Several weeks ago, when Julian Barnes delivered his acceptance speech after getting his inevitable and almost uncontested Booker Prize for The Sense Of An Ending, one might have wondered: “Hey, wait a minute. How come it’s only his first Booker?” It really seemed quite incredible. After all, Barnes has been around and consistently brilliant for more than three decades now, and neither his style nor his career has engendered as much controversy as, say, Martin Amis’s (who’s certainly not getting any decent literary prize any time this century). Thus, as deserved as the whole thing was, it was easy to take that belated celebration for granted.
The Sense Of An Ending isn’t even Barnes’ best novel; though in a way, it’s as perfect as a novel can get. Throughout its brisk, but emotionally overpowering 150 pages, Julian Barnes tells you all there is to tell about disillusioned idealism, complacency and littleness.

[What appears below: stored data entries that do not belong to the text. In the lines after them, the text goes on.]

lemma digits_sum_div_mod:
  fixes z :: "nat \<Rightarrow> nat"
  assumes "\<forall>i. z i < \<beta>"
  shows "(\<Sum>i<N. z i * \<beta> ^ i) div \<beta> ^ k mod \<beta> = (if k < N then z k else 0)"
  using assms
proof (induction k arbitrary: z N)
  have shift: "(\<Sum>i<Suc M. z i * \<beta> ^ i) = z 0 + \<beta> * (\<Sum>i<M. z (Suc i) * \<beta> ^ i)" for z :: "nat \<Rightarrow> nat" and M
    unfolding sum.lessThan_Suc_shift by (simp add: sum_distrib_left algebra_simps)
  {
    case 0 show ?case
    proof (cases N)
      case (Suc M) show ?thesis unfolding Suc shift using 0 by simp
    qed simp
  next
    case (Suc k)
    show ?case
    proof (cases N)
      case (Suc M)
      have "z 0 < \<beta>" using Suc.prems by simp
      then have "(\<Sum>i<N. z i * \<beta> ^ i) div \<beta> = (\<Sum>i<M. z (Suc i) * \<beta> ^ i)"
        unfolding Suc shift by simp
      then have "(\<Sum>i<N. z i * \<beta> ^ i) div \<beta> ^ Suc k = (\<Sum>i<M. z (Suc i) * \<beta> ^ i) div \<beta> ^ k"
        by (simp add: div_mult2_eq)
      then show ?thesis using Suc.IH[of "\<lambda>i. z (Suc i)" M] Suc.prems \<open>N = Suc M\<close> by simp
    qed simp
  }
qed

definition digit_tail :: "nat \<Rightarrow> (nat \<Rightarrow> nat) \<Rightarrow> nat \<Rightarrow> real" where
  "digit_tail \<beta> d k = (\<Sum>j. real (d (k + Suc j)) / real \<beta> ^ Suc j)"

context
  fixes \<beta> :: nat and d :: "nat \<Rightarrow> nat"
  assumes base: "\<beta> \<ge> 2" and digits: "\<forall>k>0. d k < \<beta>"
begin

lemma summable_digit_tail: "summable (\<lambda>j. real (d (k + Suc j)) / real \<beta> ^ Suc j)"
proof (rule summable_comparison_test'[of "\<lambda>j. (1 / real \<beta>) ^ j"])
  show "summable (\<lambda>j. (1 / real \<beta>) ^ j)" using base by (intro summable_geometric) simp
  show "norm (real (d (k + Suc j)) / real \<beta> ^ Suc j) \<le> (1 / real \<beta>) ^ j" for j
    using digits[rule_format, of "k + Suc j"] base by (simp add: power_divide field_simps)
qed

lemma digit_tail_nonneg: "0 \<le> digit_tail \<beta> d k"
  unfolding digit_tail_def by (intro suminf_nonneg summable_digit_tail) simp

lemma digit_tail_Suc: "digit_tail \<beta> d k = (real (d (Suc k)) + digit_tail \<beta> d (Suc k)) / real \<beta>"
proof -
  have "(\<Sum>j. real (d (k + Suc (Suc j))) / real \<beta> ^ Suc (Suc j)) = digit_tail \<beta> d (Suc k) / real \<beta>"
    unfolding digit_tail_def using suminf_divide[OF summable_digit_tail[of "Suc k"], of "real \<beta>"]
    by (simp add: field_simps)
  then show ?thesis
    using suminf_split_head[OF summable_digit_tail[of k]] unfolding digit_tail_def
    by (simp add: add_divide_distrib)
qed

lemma digit_tail_less_1:
  assumes "\<exists>\<^sub>\<infinity>k. d k \<noteq> \<beta> - 1"
  shows "digit_tail \<beta> d k < 1"
proof -
  \<comment> \<open>compare with the tail consisting of maximal digits, which sums to 1\<close>
  define g where "g j = real (d (k + Suc j)) / real \<beta> ^ Suc j" for j
  define h where "h j = (real \<beta> - 1) / real \<beta> ^ Suc j" for j
  have "(\<lambda>j. (real \<beta> - 1) / real \<beta> * (1 / real \<beta>) ^ j) sums ((real \<beta> - 1) / real \<beta> * (1 / (1 - 1 / real \<beta>)))"
    using base by (intro sums_mult geometric_sums) simp
  then have h: "h sums 1" unfolding h_def using base by (simp add: power_divide field_simps)
  have gh: "g j \<le> h j" for j
    using digits[rule_format, of "k + Suc j"] base unfolding g_def h_def by (simp add: divide_right_mono)
  obtain m where m: "m > k" "d m \<noteq> \<beta> - 1" using assms unfolding INFM_nat by blast
  have "g (m - Suc k) < h (m - Suc k)"
    using digits[rule_format, of m] m base unfolding g_def h_def by (simp add: divide_strict_right_mono)
  then have "0 < (\<Sum>j. h j - g j)"
    by (intro suminf_pos2[of _ "m - Suc k"] summable_diff sums_summable[OF h])
      (use gh summable_digit_tail in \<open>auto simp: g_def\<close>)
  also have "\<dots> = 1 - digit_tail \<beta> d k"
    using suminf_diff[OF sums_summable[OF h] summable_digit_tail[of k]] h
    unfolding digit_tail_def g_def by (simp add: sums_iff)
  finally show ?thesis by simp
qed
(* Let $p$ be an odd prime, let $W_p=U\rtimes C_p$ be the wreath product $C_2\wr C_p$, let $T$ be its center, and let $G=W_p/T=V\rtimes C$ where $V=U/T$ and $C$ is the image of $C_p$. Then the automorphism group $\mathrm{Aut}(G)$ acts transitively on $G\setminus V$.
   Context: Here $U=\mathbb{F}_2^{\,p}$ and a generator of the cyclic group $C_p$ of order $p$ acts on $U$ by cyclically permuting coordinates, and $W_p=U\rtimes C_p$. The center of $W_p$ is $T=\{(0,\dots,0),(1,\dots,1)\}\subseteq U$, so $V=U/T$ is an $\mathbb{F}_2$-vector space of dimension $p-1$ which is a normal subgroup of $G$, and $G=V\rtimes C$ with $C$ cyclic of order $p$. *)

theory Defs
  imports "HOL-Computational_Algebra.Primes" "HOL-Algebra.Coset"
begin

text \<open>U = F_2^p is modelled as the subsets of {0..<p} (indicator of the support),
  with addition = symmetric difference.\<close>

definition symdiff :: "nat set \<Rightarrow> nat set \<Rightarrow> nat set" where
  "symdiff u v = (u - v) \<union> (v - u)"

definition cshift :: "nat \<Rightarrow> nat \<Rightarrow> nat set \<Rightarrow> nat set" where
  "cshift p a v = (\<lambda>i. (i + a) mod p) ` v"

definition wreath :: "nat \<Rightarrow> (nat set \<times> nat) monoid" where
  "wreath p = \<lparr>carrier = Pow {..<p} \<times> {..<p},
     mult = (\<lambda>(u, a) (v, b). (symdiff u (cshift p a v), (a + b) mod p)),
     one = ({}, 0)\<rparr>"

The book tells a story of a man called Anthony Webster, who contemplates his own life – a rather successful life that made him a respectable old man with a nice, unimposing ex-wife (‘advantage of being an ex-husband is that you don’t have to justify your behaviour any more’) and a good healthy daughter. An average life, so much like yours or mine, and yet such a contrast to the caustic, audacious remarks of Anthony’s teenage days. It’s telling that the actual life takes only so many pages, and what we are left with is a long and bitter reflection on several episodes centred around his friend, Adrian Finn, and his former girlfriend, Veronica. It’s perhaps even more telling that these reflections only start cutting through Anthony’s bland and invisible retirement after a lawyer’s short letter telling him he now inherits Adrian’s diary. And it starts spinning from there, that picture in Trafalgar square, that visit to Veronica’s house, Adrian’s suicide. It’s unnerving and heartbreaking to read about this quiet and sleeping and insignificant past catching up on Anthony, going horribly, catastrophically wrong.

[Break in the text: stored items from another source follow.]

lemma finite_eigenvalues_symmetric:
  fixes H :: "real^'n^'n"
  assumes sym: "transpose H = H"
  shows "finite {\<mu>. \<exists>z. z \<noteq> 0 \<and> H *v z = \<mu> *\<^sub>R z}"
proof -
  \<comment> \<open>eigenvectors of distinct eigenvalues are orthogonal, hence independent; without finiteness
    the Min in lambda_min would be unspecified\<close>
  define S where "S = {\<mu>. \<exists>z. z \<noteq> 0 \<and> H *v z = \<mu> *\<^sub>R z}"
  define e where "e \<mu> = (SOME z. z \<noteq> 0 \<and> H *v z = \<mu> *\<^sub>R z)" for \<mu>
  have e: "e \<mu> \<noteq> 0 \<and> H *v e \<mu> = \<mu> *\<^sub>R e \<mu>" if "\<mu> \<in> S" for \<mu>
    using that unfolding S_def e_def by (metis (mono_tags, lifting) mem_Collect_eq)
  have orth: "e \<mu>1 \<bullet> e \<mu>2 = 0" if "\<mu>1 \<in> S" "\<mu>2 \<in> S" "\<mu>1 \<noteq> \<mu>2" for \<mu>1 \<mu>2
  proof -
    have "\<mu>1 * (e \<mu>1 \<bullet> e \<mu>2) = (H *v e \<mu>1) \<bullet> e \<mu>2" using e[OF that(1)] by simp
    also have "\<dots> = e \<mu>1 \<bullet> (H *v e \<mu>2)" by (rule symmetric_matrix_inner_commute[OF sym])
    also have "\<dots> = \<mu>2 * (e \<mu>1 \<bullet> e \<mu>2)" using e[OF that(2)] by simp
    finally show ?thesis using that(3) by simp
  qed
  then have "inj_on e S"
    by (metis e inj_onI inner_eq_zero_iff)
  moreover have "independent (e ` S)"
    by (rule pairwise_orthogonal_independent)
       (use orth e in \<open>auto simp: pairwise_def orthogonal_def\<close>)
  ultimately show ?thesis
    unfolding S_def[symmetric] by (metis finiteI_independent finite_imageD)
qed

lemma lambda_min_le_eigenvalue:
  fixes H :: "real^'n^'n"
  assumes "transpose H = H" and "z \<noteq> 0" and "H *v z = \<mu> *\<^sub>R z"
  shows "lambda_min H \<le> \<mu>"
  unfolding lambda_min_def using assms finite_eigenvalues_symmetric[OF assms(1)]
  by (intro Min_le) auto

lemma exists_unit_minimizer_quadratic_form:
  fixes H :: "real^'n^'n"
  obtains z0 where "norm z0 = 1" and "\<And>w. (z0 \<bullet> (H *v z0)) * (w \<bullet> w) \<le> w \<bullet> (H *v w)"
proof -
  define Q where "Q z = z \<bullet> (H *v z)" for z :: "real^'n"
  have "continuous_on (sphere 0 1) Q"
    unfolding Q_def by (intro continuous_intros linear_continuous_on bounded_linear_intros)
  moreover have "sphere (0::real^'n) 1 \<noteq> {}"
    by simp
  ultimately obtain z0 where z0: "z0 \<in> sphere 0 1" and min: "\<And>w. w \<in> sphere 0 1 \<Longrightarrow> Q z0 \<le> Q w"
    using continuous_attains_inf[OF compact_sphere] by blast
  have "Q z0 * (w \<bullet> w) \<le> Q w" for w
  proof (cases "w = 0")
    case False
    have "Q z0 \<le> Q (inverse (norm w) *\<^sub>R w)"
      using False by (intro min) simp
    also have "\<dots> = Q w / (norm w)\<^sup>2"
      by (simp add: Q_def matrix_vector_mult_scaleR power2_eq_square divide_inverse mult.commute)
    finally show ?thesis
      using False by (simp add: pos_le_divide_eq power2_norm_eq_inner)
  qed (simp add: Q_def)
  with z0 that show ?thesis by (simp add: Q_def)
qed

lemma linear_coeff_eq_0_if_quadratic_nonneg:
  fixes b K :: real
  assumes "\<And>s. 0 \<le> b * s + K * s\<^sup>2"
  shows "b = 0"
proof (rule ccontr)
  assume "b \<noteq> 0"
  define q where "q = b\<^sup>2 / (\<bar>K\<bar> + 1)"
  define s where "s = - b / (\<bar>K\<bar> + 1)"
  have q_pos: "q > 0" using \<open>b \<noteq> 0\<close> by (simp add: q_def add_pos_nonneg)
  have "K * s\<^sup>2 \<le> \<bar>K\<bar> * s\<^sup>2" by (simp add: mult_right_mono)
  also have "\<dots> = \<bar>K\<bar> / (\<bar>K\<bar> + 1) * q" by (simp add: s_def q_def power2_eq_square)
  also have "\<dots> < q" using q_pos by (simp add: field_simps)
  also have "\<dots> = - b * s" by (simp add: s_def q_def power2_eq_square)
  finally show False using assms[of s] by linarith
qed

lemma quadratic_form_minimizer_is_eigenvector:
  fixes H :: "real^'n^'n"
  assumes sym: "transpose H = H"
    and ge: "\<And>w. \<mu> * (w \<bullet> w) \<le> w \<bullet> (H *v w)"
    and eq: "z \<bullet> (H *v z) = \<mu> * (z \<bullet> z)"
  shows "H *v z = \<mu> *\<^sub>R z"
proof -
  \<comment> \<open>perturb z along the residual r: s \<mapsto> w \<bullet> H w - \<mu> |w|^2 at w = z + s r is nonnegative and
    vanishes at s = 0, so its linear coefficient 2 |r|^2 vanishes\<close>
  define r where "r = H *v z - \<mu> *\<^sub>R z"
  have zHr: "z \<bullet> (H *v r) = r \<bullet> (H *v z)"
    by (metis sym symmetric_matrix_inner_commute inner_commute)
  have rHz: "r \<bullet> (H *v z) = r \<bullet> r + \<mu> * (z \<bullet> r)"
    by (subst (2) r_def) (simp add: inner_diff_right inner_commute)
  have "0 \<le> (2 * (r \<bullet> r)) * s + (r \<bullet> (H *v r) - \<mu> * (r \<bullet> r)) * s\<^sup>2" for s
  proof -
    have "(z + s *\<^sub>R r) \<bullet> (H *v (z + s *\<^sub>R r))
        = z \<bullet> (H *v z) + 2 * s * (r \<bullet> (H *v z)) + s\<^sup>2 * (r \<bullet> (H *v r))"
      unfolding matrix_vector_right_distrib matrix_vector_mult_scaleR inner_add_left inner_add_right
        inner_scaleR_left inner_scaleR_right zHr
      by (simp add: power2_eq_square algebra_simps)
    moreover have "(z + s *\<^sub>R r) \<bullet> (z + s *\<^sub>R r) = z \<bullet> z + 2 * s * (z \<bullet> r) + s\<^sup>2 * (r \<bullet> r)"
      unfolding inner_add_left inner_add_right inner_scaleR_left inner_scaleR_right
      by (simp add: inner_commute power2_eq_square algebra_simps)
    ultimately have "\<mu> * (z \<bullet> z + 2 * s * (z \<bullet> r) + s\<^sup>2 * (r \<bullet> r))
        \<le> \<mu> * (z \<bullet> z) + 2 * s * (r \<bullet> r + \<mu> * (z \<bullet> r)) + s\<^sup>2 * (r \<bullet> (H *v r))"
      using ge[of "z + s *\<^sub>R r"] by (simp only: eq rHz)
    then show ?thesis by (simp add: algebra_simps)
  qed
  then have "r \<bullet> r = 0"
    using linear_coeff_eq_0_if_quadratic_nonneg by fastforce
  then show ?thesis by (simp add: r_def)
qed

lemma lambda_min_mult_le_quadratic_form:
  fixes H :: "real^'n^'n"
  assumes sym: "transpose H = H"
  shows "lambda_min H * (z \<bullet> z) \<le> z \<bullet> (H *v z)"
proof -
  obtain z0 where z0: "norm z0 = 1" and min: "\<And>w. (z0 \<bullet> (H *v z0)) * (w \<bullet> w) \<le> w \<bullet> (H *v w)"
    using exists_unit_minimizer_quadratic_form[of H] by blast
  have "H *v z0 = (z0 \<bullet> (H *v z0)) *\<^sub>R z0"
    using z0 by (intro quadratic_form_minimizer_is_eigenvector[OF sym min]) (simp add: norm_eq_1)
  then have "lambda_min H \<le> z0 \<bullet> (H *v z0)"
    using z0 by (intro lambda_min_le_eigenvalue[OF sym]) auto
  then have "lambda_min H * (z \<bullet> z) \<le> (z0 \<bullet> (H *v z0)) * (z \<bullet> z)"
    by (simp add: mult_right_mono)
  with min[of z] show ?thesis by linarith
qed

When it starts getting really ugly, and at some point it does, Anthony suddenly begins to feel his slight but wormy, cancerous presence in the lives of other people. This presence is akin to that of a polite and inconspicuous boy telling his thuggish friend that there’s this one bolt in Mr. Henderson’s chair that, if loosened, will make the old professor crash down on the floor. The boy will passively witness the outcome, and then passively and perhaps rather willfully and happily forget the whole thing.
But the past comes back at Anthony, and with vengeance. Remorse kicks in, and the only job worth doing becomes remembering the life that he’d lived, been somewhat successful in, but never quite mastered. So that he is reduced to that anguished, existential “Was I sleeping, while the others suffered?” monologue of Beckett’s Vladimir from Waiting For Godot.

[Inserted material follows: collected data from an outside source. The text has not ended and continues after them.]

(* Suppose $(J,F,Y)$ is a splitting pullback triple with $J:\mathcal X\to\mathcal H$, $F:\mathcal X\to\mathcal E$. Then $J$ and $F$ are partial isometries and $$\mathcal N(F)=\mathcal R(J^* ),\quad \mathcal R(J)=\mathcal H,\qquad \mathcal N(J)=\mathcal R(F^* ),\quad \mathcal R(F)=\mathcal E.$$
   Context: For Hilbert spaces $\mathcal H,\mathcal X,\mathcal E$, a pullback triple $(J,F,Y)$ consists of $J:\mathcal X\to\mathcal H$, $F:\mathcal X\to\mathcal E$ bounded with dense range, $Y:\mathcal H\to\mathcal X$ a completion operator (densely defined injective linear map with dense range), with $\|u\|_{\mathcal X}^2=\|Ju\|^2+\|Fu\|_{\mathcal E}^2$ for all $u\in\mathcal X$ and $JYf=f$ for $f\in\mathcal D(Y)$. The triple is splitting if $F$ is a partial isometry (equivalently $\mathcal X=\mathcal N(J)\oplus\mathcal N(F)$, or $JF^*=0$, or $J\mathcal N(F)$ dense in $\mathcal H$). $\mathcal N,\mathcal R$ denote null space and range. *)

theory Defs
  imports "HOL-Analysis.Analysis"
begin

text \<open>Hilbert spaces are modelled as (real) complete inner product spaces,
  i.e. types of class real_inner and complete_space.  Adjoints are the library's adjoint.\<close>

definition null_space :: "('a \<Rightarrow> 'b::zero) \<Rightarrow> 'a set" where
  "null_space T = {x. T x = 0}"

definition partial_isometry :: "('a::real_inner \<Rightarrow> 'b::real_inner) \<Rightarrow> bool" where
  "partial_isometry T \<longleftrightarrow> bounded_linear T \<and>
     (\<forall>x. (\<forall>z\<in>null_space T. x \<bullet> z = 0) \<longrightarrow> norm (T x) = norm x)"

definition completion_operator :: "'h::real_inner set \<Rightarrow> ('h \<Rightarrow> 'x::real_inner) \<Rightarrow> bool" where
  "completion_operator D Y \<longleftrightarrow> subspace D \<and> closure D = UNIV \<and>
     (\<forall>f\<in>D. \<forall>g\<in>D. Y (f + g) = Y f + Y g) \<and>
     (\<forall>c. \<forall>f\<in>D. Y (c *\<^sub>R f) = c *\<^sub>R Y f) \<and>
     inj_on Y D \<and> closure (Y ` D) = UNIV"

definition pullback_triple ::
  "('x::{real_inner,complete_space} \<Rightarrow> 'h::{real_inner,complete_space})
   \<Rightarrow> ('x \<Rightarrow> 'e::{real_inner,complete_space}) \<Rightarrow> 'h set \<Rightarrow> ('h \<Rightarrow> 'x) \<Rightarrow> bool" where
  "pullback_triple J F D Y \<longleftrightarrow>
     bounded_linear J \<and> bounded_linear F \<and>
     closure (range J) = UNIV \<and> closure (range F) = UNIV \<and>
     completion_operator D Y \<and>
     (\<forall>u. (norm u)\<^sup>2 = (norm (J u))\<^sup>2 + (norm (F u))\<^sup>2) \<and>
     (\<forall>f\<in>D. J (Y f) = f)"

definition splitting_pullback_triple ::
  "('x::{real_inner,complete_space} \<Rightarrow> 'h::{real_inner,complete_space})
   \<Rightarrow> ('x \<Rightarrow> 'e::{real_inner,complete_space}) \<Rightarrow> 'h set \<Rightarrow> ('h \<Rightarrow> 'x) \<Rightarrow> bool" where
  "splitting_pullback_triple J F D Y \<longleftrightarrow> pullback_triple J F D Y \<and> partial_isometry F"

end

theory Submission
  imports Defs
begin

text \<open>
  Let N be the null space of F. Since F is isometric on the orthogonal complement of N, the norm
  identity forces J to vanish there, while on N itself J is isometric. The projection theorem
  splits the space as N plus its orthogonal complement, so the null space of J is exactly that
  complement and J is a partial isometry; by symmetry the null space of F is the orthogonal
  complement of that of J. A partial isometry maps the complement of its kernel isometrically,
  hence onto a closed set, so dense range means surjectivity; and then its adjoint is the inverse
  of this restriction, with range the complement of the kernel.
\<close>

lemma parallelogram_law:
  fixes a b :: "'a::real_inner"
  shows "(norm (a + b))\<^sup>2 + (norm (a - b))\<^sup>2 = 2 * (norm a)\<^sup>2 + 2 * (norm b)\<^sup>2"
  by (simp add: power2_norm_eq_inner algebra_simps inner_commute[of b a])

lemma Cauchy_if_dist_sq_le:
  fixes s :: "nat \<Rightarrow> 'a::metric_space"
  assumes le: "\<And>m n. (dist (s m) (s n))\<^sup>2 \<le> g m + g n" and g: "g \<longlonglongrightarrow> 0"
  shows "Cauchy s"
proof (rule metric_CauchyI)
  fix e :: real assume "e > 0"
  then have "eventually (\<lambda>n. g n < e\<^sup>2 / 2) sequentially"
    using g by (intro order_tendstoD(2)) auto
  then obtain N where N: "\<And>n. n \<ge> N \<Longrightarrow> g n < e\<^sup>2 / 2"
    unfolding eventually_sequentially by blast
  have "dist (s m) (s n) < e" if "m \<ge> N" "n \<ge> N" for m n
  proof -
    have "(dist (s m) (s n))\<^sup>2 < e\<^sup>2"
      using le[of m n] N[OF \<open>m \<ge> N\<close>] N[OF \<open>n \<ge> N\<close>] by linarith
    then show ?thesis
      using \<open>e > 0\<close> by (simp add: power_less_imp_less_base)
  qed
  then show "\<exists>N. \<forall>m\<ge>N. \<forall>n\<ge>N. dist (s m) (s n) < e" by blast
qed

lemma nearest_point_exists_closed_convex:
  fixes S :: "'a::{real_inner,complete_space} set"
  assumes "closed S" "convex S" "S \<noteq> {}"
  obtains p where "p \<in> S" "\<forall>y\<in>S. dist x p \<le> dist x y"
proof -
  define d where "d = (INF y\<in>S. (dist x y)\<^sup>2)"
  define \<epsilon> where "\<epsilon> n = 1 / (real n + 1)" for n
  have bdd: "bdd_below ((\<lambda>y. (dist x y)\<^sup>2) ` S)"
    by (rule bdd_belowI2[where m = 0]) simp
  have d_le: "d \<le> (dist x y)\<^sup>2" if "y \<in> S" for y
    unfolding d_def using bdd that by (rule cINF_lower)
  have "\<exists>y\<in>S. (dist x y)\<^sup>2 < d + \<epsilon> n" for n
  proof -
    have "d < d + \<epsilon> n"
      by (simp add: \<epsilon>_def)
    then show ?thesis
      using cINF_less_iff[OF \<open>S \<noteq> {}\<close> bdd] unfolding d_def[symmetric] by blast
  qed
  then obtain s where sS: "\<And>n. s n \<in> S" and s: "\<And>n. (dist x (s n))\<^sup>2 < d + \<epsilon> n"
    by metis
  have \<epsilon>_0: "\<epsilon> \<longlonglongrightarrow> 0"
    unfolding \<epsilon>_def using LIMSEQ_inverse_real_of_nat by (simp add: inverse_eq_divide add.commute)
  \<comment> \<open>Parallelogram law at the midpoint, whose squared distance to x is at least d.\<close>
  have "(dist (s m) (s n))\<^sup>2 \<le> 2 * \<epsilon> m + 2 * \<epsilon> n" for m n
  proof -
    have "midpoint (s m) (s n) \<in> S"
      using sS \<open>convex S\<close> by (simp add: midpoint_def convexD scaleR_add_right)
    moreover have "(x - s m) + (x - s n) = 2 *\<^sub>R (x - midpoint (s m) (s n))"
      by (simp add: midpoint_def algebra_simps scaleR_2)
    ultimately have "4 * d \<le> (norm ((x - s m) + (x - s n)))\<^sup>2"
      using d_le by (simp add: dist_norm power_mult_distrib)
    moreover have "(dist (s m) (s n))\<^sup>2 = (norm ((x - s m) - (x - s n)))\<^sup>2"
      by (simp add: dist_norm norm_minus_commute)
    ultimately show ?thesis
      using parallelogram_law[of "x - s m" "x - s n"] s[of m] s[of n] by (simp add: dist_norm)
  qed
  then have "Cauchy s"
    by (rule Cauchy_if_dist_sq_le) (use \<epsilon>_0 tendsto_mult_right_zero in blast)
  then obtain p where sp: "s \<longlonglongrightarrow> p"
    using Cauchy_convergent_iff convergent_def by blast
  have "p \<in> S"
    using closed_sequentially[OF \<open>closed S\<close> _ sp] sS by blast
  have "(\<lambda>n. (dist x (s n))\<^sup>2) \<longlonglongrightarrow> (dist x p)\<^sup>2"
    by (intro tendsto_intros sp)
  moreover have "(\<lambda>n. d + \<epsilon> n) \<longlonglongrightarrow> d"
    using tendsto_add[OF tendsto_const \<epsilon>_0] by simp
  ultimately have "(dist x p)\<^sup>2 \<le> d"
    by (rule LIMSEQ_le) (use s less_imp_le in blast)
  then have "\<forall>y\<in>S. dist x p \<le> dist x y"
    using d_le by (meson order_trans power2_le_imp_le zero_le_dist)
  with \<open>p \<in> S\<close> show thesis ..
qed

lemma orthogonal_decomposition:
  fixes S :: "'a::{real_inner,complete_space} set"
  assumes "subspace S" "closed S"
  obtains a where "a \<in> S" "x - a \<in> S\<^sup>\<bottom>"
proof -
  have "convex S" "S \<noteq> {}"
    using assms subspace_imp_convex subspace_0 by blast+
  then obtain p where "p \<in> S" and p: "\<forall>y\<in>S. dist x p \<le> dist x y"
    using nearest_point_exists_closed_convex \<open>closed S\<close> by blast
  have "y \<bullet> (x - p) = 0" if "y \<in> S" for y
  proof -
    have "p + y \<in> S" "p - y \<in> S"
      using \<open>p \<in> S\<close> that \<open>subspace S\<close> by (simp_all add: subspace_add subspace_diff)
    then have "(x - p) \<bullet> ((p + y) - p) \<le> 0" "(x - p) \<bullet> ((p - y) - p) \<le> 0"
      using any_closest_point_dot[OF \<open>convex S\<close> \<open>closed S\<close> \<open>p \<in> S\<close> _ p] by blast+
    then show ?thesis
      by (simp add: inner_commute)
  qed
  then have "x - p \<in> S\<^sup>\<bottom>"
    by (simp add: orthogonal_comp_def orthogonal_def)
  with \<open>p \<in> S\<close> show thesis ..
qed

lemma closed_orthogonal_comp: "closed (S\<^sup>\<bottom>)"
proof -
  have "S\<^sup>\<bottom> = (\<Inter>y\<in>S. {x. y \<bullet> x = 0})"
    by (auto simp: orthogonal_comp_def orthogonal_def)
  then show ?thesis
    by (auto intro!: closed_INT closed_Collect_eq continuous_intros)
qed

lemma orthogonal_comp_orthogonal_comp_closed_subspace:
  fixes S :: "'a::{real_inner,complete_space} set"
  assumes "subspace S" "closed S"
  shows "S\<^sup>\<bottom>\<^sup>\<bottom> = S"
proof
  show "S\<^sup>\<bottom>\<^sup>\<bottom> \<subseteq> S"
  proof
    fix u assume u: "u \<in> S\<^sup>\<bottom>\<^sup>\<bottom>"
    obtain a where "a \<in> S" and ua: "u - a \<in> S\<^sup>\<bottom>"
      using orthogonal_decomposition[OF assms] by blast
    have "a \<in> S\<^sup>\<bottom>\<^sup>\<bottom>"
      using \<open>a \<in> S\<close> orthogonal_comp_subset by blast
    then have "u - a \<in> S\<^sup>\<bottom>\<^sup>\<bottom>"
      using u by (simp add: subspace_diff subspace_orthogonal_comp)
    then have "u - a = 0"
      using ua orthogonal_Int_0[OF subspace_orthogonal_comp] by blast
    with \<open>a \<in> S\<close> show "u \<in> S" by simp
  qed
qed (rule orthogonal_comp_subset)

But there’s another literary character to Anthony. In his strained latter-day conversations with Veronica Anthony is a desperate figure. Striving to get how and where it had all gone wrong, striving to string it all together, he reminds you of Dostoevsky’s teenager. Entangled by the whispers and understatements of the outside world suddenly gone real, he fails – again and again. Like Dostoevsky’s teenager, he has a love-hate relationship with the world, he is idealistic and impulsive in his judgements. Note how he treats Adrian’s suicide at different stages of his life.
He gets it in the end, of course, he strings it all together, but only when it’s too late and the sense of an ending is way too obvious and overwhelming. Having failed to register it before, he now has to face its ominous, unforgiving presence in a state of misery and defenselessness. And yet since he does get it in the end, Anthony Webster is not a complete failure. Many of us get away without ever shedding that soft, thick, comfort-soaked skin; without never really minding being ‘bigger than nothing, not as big as something’. Anthony minds, and comes to realise that a man ends up grey and crumpled because he could never see the significance of his own actions and words.
Full of palpable, real-life drama and smart observations, The Sense Of An Ending is the kind of mature novel any writer of Barnes’ age would like to write. There’s not a word wasted here, and the heavy, suffocated feeling you end up with might be the moral choice you won’t squander.